4.2.3 Inhibition of Self- and AChE-Induced Aβ1-42 Aggregation

Inhibitory properties of the compounds on self-induced and AChE-induced aggregation of amyloid-β protein 1–42 was determined using a thioflavin T (ThT)-based fluorescence assay with slight modifications (Levine, 1993). The ThT excitation/emission was measured at 448 nm/490 nm at 48 h using a SpectraMax® Microplate Reader. Amyloid-β protein 1–42 (Sigma A9810) was dissolved in Phosphate Buffer Saline pH 7.4 (PBS, HyClone Thermo Scientific) containing ammonium hydroxide (1%). Aβ1-42 (50 μM) was incubated for 24 h at 37°C for prefibrillation.

To determine AChE-induced Aβ1-42 aggregation, Aβ1-42 (20 μl) ± human recombinant AChE (0.01 u/ml, Sigma C1682) were added to 450 ml of PBS buffer pH 7.4 including 0.15 M NaCl and 20 μM thioflavin T (ThT).
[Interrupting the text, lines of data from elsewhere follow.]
lemma cycle_of_path:
  assumes "is_path E p" and "3 \<le> length p" and "E (last p) (hd p)"
  shows "is_cycle E (length p) (cycle_edges p)"
  unfolding is_cycle_def
proof (intro exI[of _ p] conjI allI impI)
  show "distinct p"
    using assms(1) unfolding is_path_def by simp
  fix j assume j: "j < length p"
  show "E (p ! j) (p ! (Suc j mod length p))"
  proof (cases "Suc j < length p")
    case True
    then show ?thesis
      using assms(1) unfolding is_path_def by simp
  next
    case False
    then have "j = length p - 1" "p \<noteq> []"
      using j by auto
    then have "p ! j = last p" "p ! (Suc j mod length p) = hd p"
      by (auto simp: last_conv_nth hd_conv_nth)
    then show ?thesis
      using assms(3) by simp
  qed
qed (use assms(2) in auto)

lemma closing_edge_in_cycle_edges: "p \<noteq> [] \<Longrightarrow> {hd p, last p} \<in> cycle_edges p"
  unfolding cycle_edges_def
  by (intro CollectI exI[of _ "length p - 1"]) (auto simp: hd_conv_nth last_conv_nth)

lemma cycle_edges_next_vertex:
  assumes "distinct p" "distinct q" "length p = length q" "3 \<le> length p"
    and "last p = last q" "cycle_edges p = cycle_edges q"
    and "Suc (Suc m) < length p" and agree: "\<forall>j\<le>m. p ! j = q ! j"
  shows "p ! Suc m = q ! Suc m"
proof -
  let ?L = "length p"
  have p_inj: "i = j" if "i < ?L" "j < ?L" "p ! i = p ! j" for i j
    using that assms(1) nth_eq_iff_index_eq by blast
  have q_inj: "i = j" if "i < ?L" "j < ?L" "q ! i = q ! j" for i j
    using that assms(2,3) nth_eq_iff_index_eq by metis
  have "{p ! m, p ! Suc m} \<in> cycle_edges p"
    unfolding cycle_edges_def using assms(7) by (intro CollectI exI[of _ m]) auto
  then have "{p ! m, p ! Suc m} \<in> cycle_edges q"
    using assms(6) by simp
  then obtain a where a: "a < ?L" "{p ! m, p ! Suc m} = {q ! a, q ! (Suc a mod ?L)}"
    using assms(3) unfolding cycle_edges_def by auto
  have "p ! m \<noteq> p ! Suc m"
    using p_inj[of m "Suc m"] assms(7) by auto
  then consider "p ! m = q ! a" "p ! Suc m = q ! (Suc a mod ?L)"
    | "p ! m = q ! (Suc a mod ?L)" "p ! Suc m = q ! a"
    using a(2) by (auto simp: doubleton_eq_iff)
  then show ?thesis
  proof cases
    case 1
    then have "a = m"
      using q_inj agree a(1) assms(7) by (metis Suc_lessD order.refl)
    then show ?thesis
      using 1 assms(7) by simp
  next
    case 2
    have "Suc a mod ?L < ?L" "m < ?L"
      using assms(7) by (auto intro: mod_less_divisor)
    then have wraps: "Suc a mod ?L = m"
      using 2 q_inj agree by simp
    show ?thesis
    proof (cases m)
      case 0
      then have "a = ?L - 1"
        using wraps a(1) by (cases "Suc a = ?L") auto
      moreover have "p \<noteq> []" "q \<noteq> []"
        using assms(3,4) by auto
      ultimately have same: "p ! Suc m = p ! (?L - 1)"
        using 2 assms(3,5) by (metis last_conv_nth)
      have "Suc m = ?L - 1"
        using p_inj[OF _ _ same] assms(7) by simp
      with assms(7) show ?thesis
        by simp
    next
      case (Suc m')
      then have "a = m'"
        using wraps a(1) by (cases "Suc a = ?L") auto
      then have same: "p ! Suc m = p ! m'"
        using 2 agree Suc by simp
      have "Suc m = m'"
        using p_inj[OF _ _ same] assms(7) Suc by simp
      with Suc show ?thesis
        by simp
    qed
  qed
qed

lemma cycle_edges_inj:
  assumes "distinct p" "distinct q" "length p = length q" "3 \<le> length p"
    and "hd p = hd q" "last p = last q" "cycle_edges p = cycle_edges q"
  shows "p = q"
proof -
  have "\<forall>j\<le>m. p ! j = q ! j" if "m < length p" for m
    using that
  proof (induction m)
    case 0
    have "p \<noteq> []" "q \<noteq> []"
      using assms(3,4) by auto
    then show ?case
      using assms(5) by (simp add: hd_conv_nth)
  next
    case (Suc m)
    have "p ! Suc m = q ! Suc m"
    proof (cases "Suc (Suc m) < length p")
      case True
      then show ?thesis
        using cycle_edges_next_vertex[OF assms(1-4,6,7)] Suc by simp
    next
      case False
      then have "Suc m = length p - 1" "p \<noteq> []" "q \<noteq> []"
        using Suc.prems assms(3) by auto
      then show ?thesis
        using assms(3,6) by (metis last_conv_nth)
    qed
    then show ?case
      using Suc by (auto simp: le_Suc_eq)
  qed
  then show ?thesis
    using assms(3) by (intro nth_equalityI) auto
qed

lemma finite_cycles:
  assumes "simple_graph V E"
  shows "finite {C. is_cycle E L C}"
proof (rule finite_subset)
  show "{C. is_cycle E L C} \<subseteq> Pow (Pow V)"
    using assms unfolding is_cycle_def cycle_edges_def simple_graph_def by fastforce
  show "finite (Pow (Pow V))"
    using assms unfolding simple_graph_def by simp
qed

lemma card_cycles_through_edge_ge:
  assumes graph: "simple_graph V E" and edge: "E x y" and "1 \<le> i"
    and paths: "\<forall>js\<in>D. length js = i \<and> (\<exists>p. colour_sequence_path E c x y js p)"
  shows "card D \<le> card {C. is_cycle E (i + 2) C \<and> {x, y} \<in> C}"
proof -
  obtain P where P: "\<forall>js\<in>D. colour_sequence_path E c x y js (P js)"
    using paths by metis
  have P_path: "is_path E (P js)" "length (P js) = i + 2" "hd (P js) = x" "last (P js) = y"
    if "js \<in> D" for js
    using P paths that unfolding colour_sequence_path_def by auto
  have "E y x"
    using graph edge unfolding simple_graph_def by blast
  have into_cycles: "(cycle_edges \<circ> P) ` D \<subseteq> {C. is_cycle E (i + 2) C \<and> {x, y} \<in> C}"
  proof clarify
    fix js assume "js \<in> D"
    note p = P_path[OF this]
    have "is_cycle E (i + 2) (cycle_edges (P js))"
      using cycle_of_path[OF p(1)] p(2-4) \<open>E y x\<close> \<open>1 \<le> i\<close> by simp
    moreover have "{x, y} \<in> cycle_edges (P js)"
      using closing_edge_in_cycle_edges[of "P js"] p by fastforce
    ultimately show "is_cycle E (i + 2) ((cycle_edges \<circ> P) js) \<and> {x, y} \<in> (cycle_edges \<circ> P) js"
      by simp
  qed
  have inj: "inj_on (cycle_edges \<circ> P) D"
  proof (rule inj_onI)
    fix a b assume ab: "a \<in> D" "b \<in> D" "(cycle_edges \<circ> P) a = (cycle_edges \<circ> P) b"
    have "distinct (P a)" "distinct (P b)"
      using P_path ab(1,2) unfolding is_path_def by blast+
    then have "P a = P b"
      using P_path[OF ab(1)] P_path[OF ab(2)] ab(3) \<open>1 \<le> i\<close>
      by (intro cycle_edges_inj) simp_all
    have "length a = i" "length b = i"
      using paths ab(1,2) by auto
    have "a = map (\<lambda>t. c (P a ! Suc t)) [0..<length a]"
      using P ab(1) by (intro colours_of_colour_sequence_path) blast
    also have "\<dots> = map (\<lambda>t. c (P b ! Suc t)) [0..<length b]"
      using \<open>P a = P b\<close> \<open>length a = i\<close> \<open>length b = i\<close> by simp
    also have "\<dots> = b"
      using P ab(2) by (intro colours_of_colour_sequence_path[symmetric]) blast
    finally show "a = b" .
  qed
  have "finite {C. is_cycle E (i + 2) C \<and> {x, y} \<in> C}"
    by (rule finite_subset[OF _ finite_cycles[OF graph]]) blast
  then show ?thesis
    using card_inj_on_le[OF inj into_cycles] by blast
qed
(* Let $\overline{G}$ be the roommate diversity game described in the context. No top-type outcome of $\overline{G}$ is popular.
   Context: In a roommate diversity game with agent set $N=R\cup B$ ($R$ red, $B$ blue) and room size $s$, an outcome is a partition of $N$ into rooms of size $s$; $\pi(a)$ is the room containing $a$ and $\theta(C)=|C\cap R|/|C|$. Each agent $a$ has a trichotomous preference given by a partition of the fractions into sets $D_a^+$ (approved), $D_a^n$ (neutral), $D_a^-$ (disapproved), possibly empty, with approved $\succ$ neutral $\succ$ disapproved and indifference within each set. Agent $a$ prefers $\pi$ to $\pi'$ if it strictly prefers $\theta(\pi(a))$ to $\theta(\pi'(a))$; $N(\pi,\pi')$ is the set of agents preferring $\pi$ to $\pi'$, $\phi(\pi,\pi')=|N(\pi,\pi')|-|N(\pi',\pi)|$, and $\pi$ is popular if $\phi(\pi,\pi')\ge0$ for all outcomes $\pi'$. The game $\overline{G}$: $R=\{r_1,r_2,r_3\}$, $B=\{b_1,\dots,b_6\}$, $s=3$; $r_1$: $D^+=\{1/3\}$, $D^-=\{2/3,1\}$; $r_2,r_3$: $D^+=\{2/3\}$, $D^-=\{1/3,1\}$; $b_1,\dots,b_4$: $D^+=\{1/3\}$, $D^n=\{2/3\}$, $D^-=\{0\}$; $b_5,b_6$: $D^+=\{0\}$, $D^-=\{1/3,2/3\}$ (a red agent is never in a room of fraction $0$, a blue agent never in one of fraction $1$). An outcome is top-type if it equals $\{\{r_1,\hat b_1,\hat b_2\},\{r_2,r_3,\hat b_3\},\{b_5,b_6,\hat b_4\}\}$ for some enumeration $\hat b_1,\dots,\hat b_4$ of $\{b_1,b_2,b_3,b_4\}$. *)

theory Defs
  imports Complex_Main "HOL-Library.Disjoint_Sets"
begin

text \<open>Agents form the (finite) universe of type 'a, i.e. N = UNIV. R is the set of red
agents (the others are blue); s is the room size.\<close>

definition outcome :: "nat \<Rightarrow> 'a set set \<Rightarrow> bool" where
  "outcome s P \<longleftrightarrow> partition_on (UNIV :: 'a set) P \<and> (\<forall>C\<in>P. card C = s)"

definition room :: "'a set set \<Rightarrow> 'a \<Rightarrow> 'a set" where
  "room P a = (THE C. C \<in> P \<and> a \<in> C)"

definition theta :: "'a set \<Rightarrow> 'a set \<Rightarrow> real" where
  "theta R C = real (card (C \<inter> R)) / real (card C)"

text \<open>A trichotomous preference is a triple (D+, Dn, D-) of sets of fractions.
Rank 2 = approved, 1 = neutral, 0 = disapproved.\<close>

type_synonym tripref = "real set \<times> real set \<times> real set"

definition rank :: "tripref \<Rightarrow> real \<Rightarrow> nat" where
  "rank D x = (if x \<in> fst D then 2 else if x \<in> fst (snd D) then 1 else 0)"

definition prefers :: "'a set \<Rightarrow> ('a \<Rightarrow> tripref) \<Rightarrow> 'a \<Rightarrow> 'a set set \<Rightarrow> 'a set set \<Rightarrow> bool" where
  "prefers R pref a P P' \<longleftrightarrow>
     rank (pref a) (theta R (room P' a)) < rank (pref a) (theta R (room P a))"

definition phi :: "'a set \<Rightarrow> ('a \<Rightarrow> tripref) \<Rightarrow> 'a set set \<Rightarrow> 'a set set \<Rightarrow> int" where
  "phi R pref P P' = int (card {a. prefers R pref a P P'}) - int (card {a. prefers R pref a P' P})"

definition popular :: "nat \<Rightarrow> 'a set \<Rightarrow> ('a \<Rightarrow> tripref) \<Rightarrow> 'a set set \<Rightarrow> bool" where
  "popular s R pref P \<longleftrightarrow> outcome s P \<and> (\<forall>P'. outcome s P' \<longrightarrow> phi R pref P P' \<ge> 0)"

datatype agent = r1 | r2 | r3 | b1 | b2 | b3 | b4 | b5 | b6

lemma UNIV_agent: "(UNIV :: agent set) = {r1, r2, r3, b1, b2, b3, b4, b5, b6}"
  by (auto intro: agent.exhaust)

instance agent :: finite
  by standard (simp add: UNIV_agent)

definition Red :: "agent set" where
  "Red = {r1, r2, r3}"

definition Gpref :: "agent \<Rightarrow> tripref" where
  "Gpref a = (case a of
      r1 \<Rightarrow> ({1/3}, {}, {2/3, 1})
    | r2 \<Rightarrow> ({2/3}, {}, {1/3, 1})
    | r3 \<Rightarrow> ({2/3}, {}, {1/3, 1})
    | b1 \<Rightarrow> ({1/3}, {2/3}, {0})
    | b2 \<Rightarrow> ({1/3}, {2/3}, {0})
    | b3 \<Rightarrow> ({1/3}, {2/3}, {0})
    | b4 \<Rightarrow> ({1/3}, {2/3}, {0})
    | b5 \<Rightarrow> ({0}, {}, {1/3, 2/3})
    | b6 \<Rightarrow> ({0}, {}, {1/3, 2/3}))"

definition top_type :: "agent set set \<Rightarrow> bool" where
  "top_type P \<longleftrightarrow> (\<exists>h1 h2 h3 h4. distinct [h1, h2, h3, h4] \<and> {h1, h2, h3, h4} = {b1, b2, b3, b4}
      \<and> P = {{r1, h1, h2}, {r2, r3, h3}, {b5, b6, h4}})"

end

theory Submission imports Defs begin

text \<open>In the top-type outcome with rooms \<open>{r\<^sub>1, h\<^sub>1, h\<^sub>2}\<close>, \<open>{r\<^sub>2, r\<^sub>3, h\<^sub>3}\<close>,
\<open>{b\<^sub>5, b\<^sub>6, h\<^sub>4}\<close> every agent is in an approved room except \<open>h\<^sub>3\<close> (neutral) and
\<open>h\<^sub>4\<close> (disapproved). Moving \<open>h\<^sub>2\<close> to \<open>b\<^sub>5, b\<^sub>6\<close>, \<open>h\<^sub>3\<close> to \<open>r\<^sub>1, h\<^sub>1\<close> and
\<open>h\<^sub>4\<close> to \<open>r\<^sub>2, r\<^sub>3\<close> gives the top-type outcome of the enumeration \<open>h\<^sub>1, h\<^sub>3, h\<^sub>4, h\<^sub>2\<close>, in
which only \<open>h\<^sub>2\<close> and \<open>h\<^sub>4\<close> are below approval. So \<open>h\<^sub>3\<close> and \<open>h\<^sub>4\<close> prefer the
rotated outcome and only \<open>h\<^sub>2\<close> prefers the original one: the rotation wins by 2 to 1.\<close>

lemma room_eq:
  assumes "partition_on A P" "C \<in> P" "a \<in> C"
  shows "room P a = C"
  unfolding room_def
proof (rule the_equality)
  show "C \<in> P \<and> a \<in> C" using assms(2,3) ..
  fix D assume "D \<in> P \<and> a \<in> D"
  then show "D = C"
    using assms disjointD[OF partition_onD2[OF assms(1)], of D C] by blast
qed

lemma outcome_three_rooms:
  assumes "(UNIV :: 'a set) = {a\<^sub>1, a\<^sub>2, a\<^sub>3, a\<^sub>4, a\<^sub>5, a\<^sub>6, a\<^sub>7, a\<^sub>8, a\<^sub>9}"
    and "distinct [a\<^sub>1, a\<^sub>2, a\<^sub>3, a\<^sub>4, a\<^sub>5, a\<^sub>6, a\<^sub>7, a\<^sub>8, a\<^sub>9]"
  shows "outcome 3 {{a\<^sub>1, a\<^sub>2, a\<^sub>3}, {a\<^sub>4, a\<^sub>5, a\<^sub>6}, {a\<^sub>7, a\<^sub>8, a\<^sub>9}}"
  using assms unfolding outcome_def partition_on_def disjoint_def by auto

definition satisfaction :: "'a set \<Rightarrow> ('a \<Rightarrow> tripref) \<Rightarrow> 'a set set \<Rightarrow> 'a \<Rightarrow> nat" where
  "satisfaction R pref P a = rank (pref a) (theta R (room P a))"

lemma prefers_iff_satisfaction:
  "prefers R pref a P P' \<longleftrightarrow> satisfaction R pref P' a < satisfaction R pref P a"
  unfolding prefers_def satisfaction_def ..

lemma satisfaction_eq:
  assumes "partition_on A P" "C \<in> P" "a \<in> C"
  shows "satisfaction R pref P a = rank (pref a) (theta R C)"
  unfolding satisfaction_def room_eq[OF assms] ..

lemma rank_Gpref_approved:
  "rank (Gpref r1) (1/3) = 2" "rank (Gpref r2) (2/3) = 2" "rank (Gpref r3) (2/3) = 2"
  "rank (Gpref b5) 0 = 2" "rank (Gpref b6) 0 = 2"
  by (simp_all add: Gpref_def rank_def)

lemma rank_Gpref_blue:
  assumes "h \<in> {b1, b2, b3, b4}"
  shows "rank (Gpref h) (1/3) = 2" "rank (Gpref h) (2/3) = 1" "rank (Gpref h) 0 = 0"
  using assms by (auto simp: Gpref_def rank_def)

lemma theta_r1_room:
  assumes "x \<in> {b1, b2, b3, b4}" "y \<in> {b1, b2, b3, b4}" "x \<noteq> y"
  shows "theta Red {r1, x, y} = 1/3"
  using assms by (auto simp: theta_def Red_def)

lemma theta_r2_r3_room: "x \<in> {b1, b2, b3, b4} \<Longrightarrow> theta Red {r2, r3, x} = 2/3"
  by (auto simp: theta_def Red_def)

lemma theta_b5_b6_room: "x \<in> {b1, b2, b3, b4} \<Longrightarrow> theta Red {b5, b6, x} = 0"
  by (auto simp: theta_def Red_def)

locale blue_enumeration =
  fixes h\<^sub>1 h\<^sub>2 h\<^sub>3 h\<^sub>4 :: agent
  assumes distinct: "distinct [h\<^sub>1, h\<^sub>2, h\<^sub>3, h\<^sub>4]"
    and blue: "{h\<^sub>1, h\<^sub>2, h\<^sub>3, h\<^sub>4} = {b1, b2, b3, b4}"
begin

definition top_outcome :: "agent set set" where
  "top_outcome = {{r1, h\<^sub>1, h\<^sub>2}, {r2, r3, h\<^sub>3}, {b5, b6, h\<^sub>4}}"

lemma blue_members: "h\<^sub>1 \<in> {b1, b2, b3, b4}" "h\<^sub>2 \<in> {b1, b2, b3, b4}"
    "h\<^sub>3 \<in> {b1, b2, b3, b4}" "h\<^sub>4 \<in> {b1, b2, b3, b4}"
  using blue by blast+

lemmas rank_Gpref_members = rank_Gpref_approved
  rank_Gpref_blue[OF blue_members(1)] rank_Gpref_blue[OF blue_members(2)]
  rank_Gpref_blue[OF blue_members(3)] rank_Gpref_blue[OF blue_members(4)]

lemma UNIV_eq: "(UNIV :: agent set) = {r1, h\<^sub>1, h\<^sub>2, r2, r3, h\<^sub>3, b5, b6, h\<^sub>4}"
  using blue UNIV_agent by auto

lemma distinct_agents: "distinct [r1, h\<^sub>1, h\<^sub>2, r2, r3, h\<^sub>3, b5, b6, h\<^sub>4]"
  using distinct blue_members by auto

lemma outcome_top_outcome: "outcome 3 top_outcome"
  unfolding top_outcome_def using outcome_three_rooms[OF UNIV_eq distinct_agents] .

lemma satisfaction_top_outcome:
  "satisfaction Red Gpref top_outcome a = (if a = h\<^sub>3 then 1 else if a = h\<^sub>4 then 0 else 2)"
proof -
  have part: "partition_on UNIV top_outcome"
    using outcome_top_outcome unfolding outcome_def ..
  have sat: "satisfaction Red Gpref top_outcome a = rank (Gpref a) (theta Red C)"
    if "C \<in> top_outcome" "a \<in> C" for C
    using satisfaction_eq[OF part that] .
  consider "a \<in> {r1, h\<^sub>1, h\<^sub>2}" | "a \<in> {r2, r3, h\<^sub>3}" | "a \<in> {b5, b6, h\<^sub>4}"
    using UNIV_eq by blast
  then show ?thesis
  proof cases
    case 1
    have "satisfaction Red Gpref top_outcome a = rank (Gpref a) (theta Red {r1, h\<^sub>1, h\<^sub>2})"
      by (rule sat) (use 1 in \<open>simp_all add: top_outcome_def\<close>)
    also have "theta Red {r1, h\<^sub>1, h\<^sub>2} = 1/3"
      using theta_r1_room blue_members distinct by simp
    finally show ?thesis using 1 distinct_agents
      by (auto simp: rank_Gpref_members)
  next
    case 2
    have "satisfaction Red Gpref top_outcome a = rank (Gpref a) (theta Red {r2, r3, h\<^sub>3})"
      by (rule sat) (use 2 in \<open>simp_all add: top_outcome_def\<close>)
    also have "theta Red {r2, r3, h\<^sub>3} = 2/3"
      using theta_r2_r3_room blue_members by simp
    finally show ?thesis using 2 distinct_agents
      by (auto simp: rank_Gpref_members)
  next
    case 3
    have "satisfaction Red Gpref top_outcome a = rank (Gpref a) (theta Red {b5, b6, h\<^sub>4})"
      by (rule sat) (use 3 in \<open>simp_all add: top_outcome_def\<close>)
    also have "theta Red {b5, b6, h\<^sub>4} = 0"
      using theta_b5_b6_room blue_members by simp
    finally show ?thesis using 3 distinct_agents
      by (auto simp: rank_Gpref_members)
  qed
qed

lemma blue_enumeration_rotate: "blue_enumeration h\<^sub>1 h\<^sub>3 h\<^sub>4 h\<^sub>2"
  using distinct blue by unfold_locales auto

lemma phi_top_outcome_rotate:
  "phi Red Gpref top_outcome (blue_enumeration.top_outcome h\<^sub>1 h\<^sub>3 h\<^sub>4 h\<^sub>2) = -1"
proof -
  let ?Q = "blue_enumeration.top_outcome h\<^sub>1 h\<^sub>3 h\<^sub>4 h\<^sub>2"
  note sat_Q = blue_enumeration.satisfaction_top_outcome[OF blue_enumeration_rotate]
  have "{a. prefers Red Gpref a top_outcome ?Q} = {h\<^sub>2}"
    unfolding prefers_iff_satisfaction satisfaction_top_outcome sat_Q
    using distinct by auto
  moreover have "{a. prefers Red Gpref a ?Q top_outcome} = {h\<^sub>3, h\<^sub>4}"
    unfolding prefers_iff_satisfaction satisfaction_top_outcome sat_Q
    using distinct by auto
  ultimately show ?thesis
    using distinct by (simp add: phi_def)
qed

lemma not_popular_top_outcome: "\<not> popular 3 Red Gpref top_outcome"
  using phi_top_outcome_rotate
    blue_enumeration.outcome_top_outcome[OF blue_enumeration_rotate]
  unfolding popular_def by fastforce

end

theorem mainTheorem9:
  shows "\<forall>P. top_type P \<longrightarrow> \<not> popular 3 Red Gpref P"
proof (intro allI impI)
  fix P assume "top_type P"
  then obtain h\<^sub>1 h\<^sub>2 h\<^sub>3 h\<^sub>4
    where "distinct [h\<^sub>1, h\<^sub>2, h\<^sub>3, h\<^sub>4]" "{h\<^sub>1, h\<^sub>2, h\<^sub>3, h\<^sub>4} = {b1, b2, b3, b4}"
    and P: "P = {{r1, h\<^sub>1, h\<^sub>2}, {r2, r3, h\<^sub>3}, {b5, b6, h\<^sub>4}}"
    unfolding top_type_def by blast
  then interpret blue_enumeration h\<^sub>1 h\<^sub>2 h\<^sub>3 h\<^sub>4
    by unfold_locales
  show "\<not> popular 3 Red Gpref P"
    using not_popular_top_outcome unfolding P top_outcome_def .
qed

end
The mixture was incubated at 37°C in the absence and presence of the compounds (100 μM) and the fluorescence intensities were determined. Due to the presence of the tested compounds, inhibition of self- or AChE-induced aggregation percent was determined by the following calculation: [100-((IFi/IFo) × 100)] where IFi and IFo are the fluorescence intensities obtained for Aβ ± AChE in the presence and in the absence of inhibitors.

4.2.4 Cytotoxicity and Neuroprotection Assay Against Aβ1-42-Induced Cytotoxicity in SH-SY5Y Cells

Cell culture chemicals were purchased from Lonza, HyClone, or Thermo Scientific. Human neuroblastoma SH-SY5Y cells were maintained in Dulbecco’s modified Eagle’s medium (DMEM) supplemented with 10% FBS, 1% L-glutamine, and 1% antibiotic mix at 37°C in a humidified atmosphere containing 5% CO2. Cell viability was determined using a thiazolyl blue tetrazolium bromide [3-(4,5-dimethyl-2-thiazolyl)-2,5-diphenyl-2H-tetrazolium bromide] (MTT) assay (Datki et al., 2003). SH-SY5Y cells were seeded into 384-well plates at 3,000 cells per well and treated with novel compounds at a concentration of 1 μM, 3 h prior to the addition of Aβ1–42 (5 μM). After 24 h of incubation, 5 μl of the MTT reagent (5 mg/ml) was added to each well. 40 μl of DMSO was used to dissolve formazan crystals. Absorbance values were measured at 690 and 570 nm using a BMG Omega Fluorostar microplate reader.

4.2.5 Docking Simulations

Molecular docking simulation was conducted using AutoDock 4.2 (Goodsell et al., 1996). The crystal structures of the studied targets, PDBID: 1EVE (Kryger et al., 1999) and 4BDS (Nachon et al., 2013) for AChE and BuChE, were retrieved from the RCSB protein data bank website. The reason for the selection of these codes was their high resolution, 2.50 and 2.10 Å for 1EVE and 4BDS, respectively. The 3D structures of the potent compounds (3f and 3t) were prepared by Chem3D software. The analysis of docking results was performed by the Discovery Studio software. To validate our docking protocol, re-dock simulations were performed. The results showed that the RMSD values were 0.96 and 0.66 for AChE and BuChE targets, respectively, which confirmed the accuracy of the docking protocol.